The prettiest playthings of summer are the humming-birds. I call them playthings because they are easily tamed, and are not very difficult to take care of for a time. It is impossible to attend to book, work, or conversation, while there is a humming-bird in sight; its exercises and vagaries are so rapid and beautiful. Its prettiest attitude is vibrating before a blossom which is tossed in the wind. Its long beak is inserted in the flower, and the bird rises and falls with it, quivering its burnished wings with dazzling rapidity. My friend E, told me how she had succeeded in taming a pair. One flew into the parlour where she was sitting, and perched. E's sister stepped out for a branch of honeysuckle, which she stuck up over the mirror. The other bird followed, and, the pair alighted on the branch, flew off, and returned to it. E, procured another branch, and held it on the top of her head; and hither also the little creatures came without fear. She next held it, in her hand, and still they hovered and settled. They bore being shut in for the night, a nest of cotton-wool being provided. Of course it was impossible to furnish them with honeysuckles enough for food; and sugar and water was tried, which they seemed to relish very well. One day, however, when E, was out of the room, one of the little creatures was too greedy in the saucer; and when E, returned, she found it lying on its side, with its wings stuck to its body, and its whole little person clammy with sugar. E, tried a sponge and warm water; it was too harsh: she tried old linen, but it was not soft enough: it then occurred to her that the softest of all substances is the human tongue. In her love for her little companion, she thus cleansed it, and succeeded perfectly, so far as the outward bird was concerned. But though it attempted to fly a little, it never recovered, but soon died of its surfeit. Its mate was, of course, allowed to fly away.

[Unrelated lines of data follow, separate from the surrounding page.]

lemma major_tpow_Suc:
  assumes "m \<ge> 2" and "major_supported m A" and "k \<ge> 1"
  shows "major ((m - 1) ^ Suc k + 1) (tpow n m A (Suc k)) u j
       = (\<Sum>l\<in>{1..n}. major m A u l * major ((m - 1) ^ k + 1) (tpow n m A k) l j ^ (m - 1))"
proof -
  obtain k' where k: "k = Suc k'"
    using \<open>k \<ge> 1\<close> by (cases k) auto
  have "major ((m - 1) ^ Suc k + 1) (tpow n m A (Suc k)) u j
      = tprod n m ((m - 1) ^ k + 1) A (tpow n m A k) (u # replicate ((m - 1) * (m - 1) ^ k) j)"
    by (simp add: major_def k)
  also have "\<dots> = (\<Sum>l\<in>{1..n}. major m A u l * major ((m - 1) ^ k + 1) (tpow n m A k) l j ^ (m - 1))"
    using tprod_major_supported[OF assms(1,2), of n "(m - 1) ^ k" "tpow n m A k" u j]
    by (simp add: major_def)
  finally show ?thesis .
qed

lemma tpow_nonneg: "(\<And>idx. A idx \<ge> 0) \<Longrightarrow> tpow n m A k idx \<ge> 0"
proof (induction n m A k arbitrary: idx rule: tpow.induct)
  case (3 n m A k)
  then show ?case
    by (auto simp: tprod_def split: list.splits intro!: sum_nonneg mult_nonneg_nonneg prod_nonneg)
qed auto

definition predecessors :: "nat \<Rightarrow> (nat \<Rightarrow> nat \<Rightarrow> real) \<Rightarrow> nat set \<Rightarrow> nat set" where
  "predecessors n M X = {u \<in> {1..n}. \<exists>l\<in>X. M u l > 0}"

lemma Sset_one:
  assumes "m \<ge> 1"
  shows "Sset n m A 1 j = predecessors n (major m A) {j}"
  using assms by (simp add: Sset_def predecessors_def)

lemma Sset_Suc:
  assumes "m \<ge> 2" and "major_supported m A" and "\<And>idx. A idx \<ge> 0" and "k \<ge> 1"
  shows "Sset n m A (Suc k) j = predecessors n (major m A) (Sset n m A k j)"
proof -
  let ?M = "\<lambda>u l. major ((m - 1) ^ k + 1) (tpow n m A k) u l"
  have positive_iff: "0 < (\<Sum>l\<in>{1..n}. major m A u l * ?M l j ^ (m - 1))
    \<longleftrightarrow> (\<exists>l\<in>{1..n}. 0 < major m A u l \<and> 0 < ?M l j)" for u
  proof -
    have nonneg: "0 \<le> major m A u l" "0 \<le> ?M l j" for l
      using assms(3) tpow_nonneg[of A] by (simp_all add: major_def)
    have "0 < (\<Sum>l\<in>{1..n}. major m A u l * ?M l j ^ (m - 1))
      \<longleftrightarrow> (\<exists>l\<in>{1..n}. 0 < major m A u l * ?M l j ^ (m - 1))"
      using nonneg by (simp add: order_less_le sum_nonneg sum_nonneg_eq_0_iff)
    also have "\<dots> \<longleftrightarrow> (\<exists>l\<in>{1..n}. 0 < major m A u l \<and> 0 < ?M l j)"
      using nonneg \<open>m \<ge> 2\<close> by (simp add: zero_less_mult_iff order_less_le)
    finally show ?thesis .
  qed
  have "Sset n m A (Suc k) j = {u \<in> {1..n}. 0 < (\<Sum>l\<in>{1..n}. major m A u l * ?M l j ^ (m - 1))}"
    unfolding Sset_def major_tpow_Suc[OF assms(1,2,4)] ..
  then show ?thesis
    unfolding positive_iff by (auto simp: Sset_def predecessors_def)
qed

Some Boston friends of mine, a clergyman and his wife, told me of a pleasant summer adventure which they had,—quite against their will. The lady had been duly inoculated or vaccinated, (I forget which.) in her childhood, but nevertheless had the smallpox, in a way, after her marriage. She was slightly feverish, and a single spot appeared on her hand. The physician declared “that is it,” and, as good citizens are bound to do, they gave information of this fearful smallpox to the authorities. The lady and her husband were ordered into quarantine: the city coach came for them, and they were transported to the wharf, and then to the little quarantine island in the harbour, where they spent a particularly pleasant week. My friend was getting well when she went, and she was quite able to enjoy the charms of her new residence. Her husband read to her in the piazza as she worked: he bathed, and was spared a Sunday's preaching; she looked abroad over the sea, and laughed as often as she imagined what their friends supposed their situation to be. They had the establishment all to themselves, except that there was a tidy Scotchwoman to wait on them. Was ever quarantine so performed before?

The reader may think, at the end of this chapter, that there is something far more pleasant than worthy of complaint in the extremes of the seasons in the United States. It would be so if health were not endangered by them; but the incessant regard to the physical welfare which prudence requires is a great drawback to ease and pleasure; and the failure of health, which is pretty sure to come, sooner or later, is a much worse. In my own opinion, the dullest climate and scenery may be turned to more pleasurable account by vigour of body and mind, than all the privileges of American variety and beauty by languid powers. All that the people of New England can do is to make the best of their case. Those who are blessed with health should use every reasonable endeavour to keep it; and it may be hoped that an improved settlement and cultivation of the country will carry on that amelioration of its climate, which many of its inhabitants are assured has already begun.